UCHealth, a nonprofit that runs hospitals and clinics in Colorado, Wyoming and Nebraska, is struggling to find skilled clinical workers – nurses, physical and occupational therapists, said Angela Spinelli, UCHealth’s senior director of talent acquisition.

“The market has not softened for these positions,” Spinelli said. UCHealth, which hired 9,400 people last year and currently has 1,200 openings, has raised pay and focused on “growing our own” – promoting within the company and offering tuition to employees to learn new skills to move from, say, a health aid to a nursing position.

Still, a job hunt can still be tough in the current environment.

Mike Pincus was out of work for 20 months after the startup where he’d worked went out of business. Pincus, 55, had previously spent 35 years as a personal trainer and wanted to try something new. “I didn’t know exactly what I wanted to do,” he said. “But I knew what I didn’t want to do.”

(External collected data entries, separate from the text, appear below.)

(* Let $(k_n)_{n\geq1}$ be scalars and let $\kappa$ be the infinitesimal character of the gap-insertion Hopf algebra $\mathbf{H}$ of noncrossing partitions with $\kappa(J_n)=k_n$ for $n\geq1$, where $J_n=\{\{1\},\dots,\{n\}\}$, and $\kappa(P)=0$ for every other noncrossing partition. Let $K$ be the character of $\mathbf{B}$ with $K(P)=\kappa(P)$ for all nonempty noncrossing partitions $P$, and $\mathcal{E}_\prec(\kappa)$ the unique $\phi\in\mathbf H^*$ with $\phi=\varepsilon+\kappa\prec\phi$. Then for every noncrossing partition $P$ of $[n]$ with $k$ blocks, $$\mathcal{E}_\prec(\kappa)(P)=(\psi_\prec\curvearrowleft K)(P)=\sum_{Q\geq P}K(P/Q)=\begin{cases}0&\text{if }k<n,\\ \displaystyle\sum_{Q\in\operatorname{NCP}(n)}\prod_{\pi\in Q}k_{\sharp\pi}&\text{if }k=n,\end{cases}$$ where $\psi_\prec$ is the unique element of $\mathbf H^*$ with $\psi_\prec=\varepsilon+e\prec\psi_\prec$ and the middle sum runs over noncrossing partitions $Q$ of $[n]$ coarser than $P$.
   Context: $\operatorname{NCP}(n)$: noncrossing partitions of $[n]$ (no $a<c<b<d$ with $a,b$ in one block and $c,d$ in another); partitions of finite linearly ordered sets are identified with partitions of $[n]$ via the order-preserving bijection; $P_{|X}$ induced partition; $\sharp\pi$ block size. $\operatorname{Conv}(X)=\{\min X,\dots,\max X\}$; on blocks $\pi\to\rho$ iff $\operatorname{Conv}(\pi)\cap\rho\neq\emptyset$ (transitively closed). Upperset $U$: ($\pi\in U,\pi\to\rho$)$\Rightarrow\rho\in U$; lowerset $L$: ($\pi\in L,\sigma\to\pi$)$\Rightarrow\sigma\in L$. Cut $(L,U)$: lowerset $L$ and complement $U$; $L$ identified with the restriction of $P$ to the union of its blocks, elements $x_1<\dots<x_k$; $D_0=\{y<x_1\}$, $D_i=\{x_i<y<x_{i+1}\}$, $D_k=\{y>x_k\}$, $U_i=P_{|D_i}$, $\overline U$ ordered product of nonempty $U_i$. $\mathbf H$: free associative unital algebra on nonempty noncrossing partitions; basis of multipartitions (viewed as partitions of $[n_1+\dots+n_r]$ by shifting); cuts of multipartitions are tuples of cuts, $L=L_1\cdots L_r$, $\overline U=\overline{U_1}\cdots\overline{U_r}$. Counit $\varepsilon$. $\Delta_\prec(P)=\sum_{\text{cuts},1\in L}L\otimes\overline U$; $(f\prec g)(\mathbf1)=0$, $(f\prec g)(x)=(f\otimes g)\Delta_\prec(x)$ on nonempty multipartitions. Infinitesimal characters: linear forms vanishing on $\mathbf1$ and on products of two nonempty monomials. $e$: infinitesimal character with $e(P)=1$ for one-block noncrossing $P$ and $0$ on other noncrossing partitions. $\mathbf B$: free commutative unital algebra on nonempty noncrossing partitions; characters are unital algebra maps to $\mathbb K$. For noncrossing $P\leq Q$ (refinement), $Q=\{\tau_1,\dots,\tau_l\}$, $P/Q=P_{|\tau_1}\cdots P_{|\tau_l}$. Coaction $\rho(P)=\sum_{Q\geq P\text{ noncrossing}}Q\otimes P/Q$ (algebra morphism $\mathbf H\to\mathbf H\otimes\mathbf B$); $\alpha\curvearrowleft\phi=(\alpha\otimes\phi)\circ\rho$. *)

theory Defs
  imports Main "HOL-Library.Multiset" "HOL-Library.Disjoint_Sets"
begin
lemma splits_small_new_cycle:
  assumes "splits_small n ws ({a,b},m) k"
  shows "\<exists>u\<in>V n. new_cycle u \<subset> old_cycle u \<and> card (new_cycle u) \<le> k"
proof -
  obtain CC C1 C2 where C: "CC \<in> cycles n ws" "C1 \<union> C2 = CC" "C1 \<inter> C2 = {}" "C1 \<noteq> {}" "C2 \<noteq> {}"
    "cycles n ws1 = (cycles n ws - {CC}) \<union> {C1, C2}" "card C1 \<le> k \<or> card C2 \<le> k"
    using assms unfolding splits_small_def by blast
  obtain T where T: "T \<in> cycles n ws1" "T \<subset> CC" "card T \<le> k"
  proof (cases "card C1 \<le> k")
    case True
    have "C1 \<subset> CC" using C by blast
    then show ?thesis using that C True by blast
  next
    case False
    have "C2 \<subset> CC" using C by blast
    then show ?thesis using that C False by blast
  qed
  obtain u where u: "u \<in> V n" "T = new_cycle u" using T(1) cycles_new by auto
  obtain u' where u': "u' \<in> V n" "CC = old_cycle u'" using C(1) cycles_old by auto
  have "u \<in> new_cycle u" using New.cycle_self[OF u(1)] by simp
  then have "u \<in> old_cycle u'" using T(2) u u' by blast
  then have "old_cycle u = old_cycle u'" using Pad.cycle_eqI[OF u'(1), of u] by simp
  then have "new_cycle u \<subset> old_cycle u" using T(2) u(2) u'(2) by simp
  then show ?thesis using u T(3) by blast
qed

The search proved frustrating. Pincus said that many employers seemed to use algorithms to weed out unconventional applicants.

“If a human actually looks at your resume, it’s a very quick glance over,” he said.

Visiting a friend at a bike shop, his “happy place,” Pincus applied and received a job there. He’s been a manager at Trek’s Ventura, California, shop since early December.

“I love it,” he said. “I didn’t know I’d love it. I didn’t know I could do it.”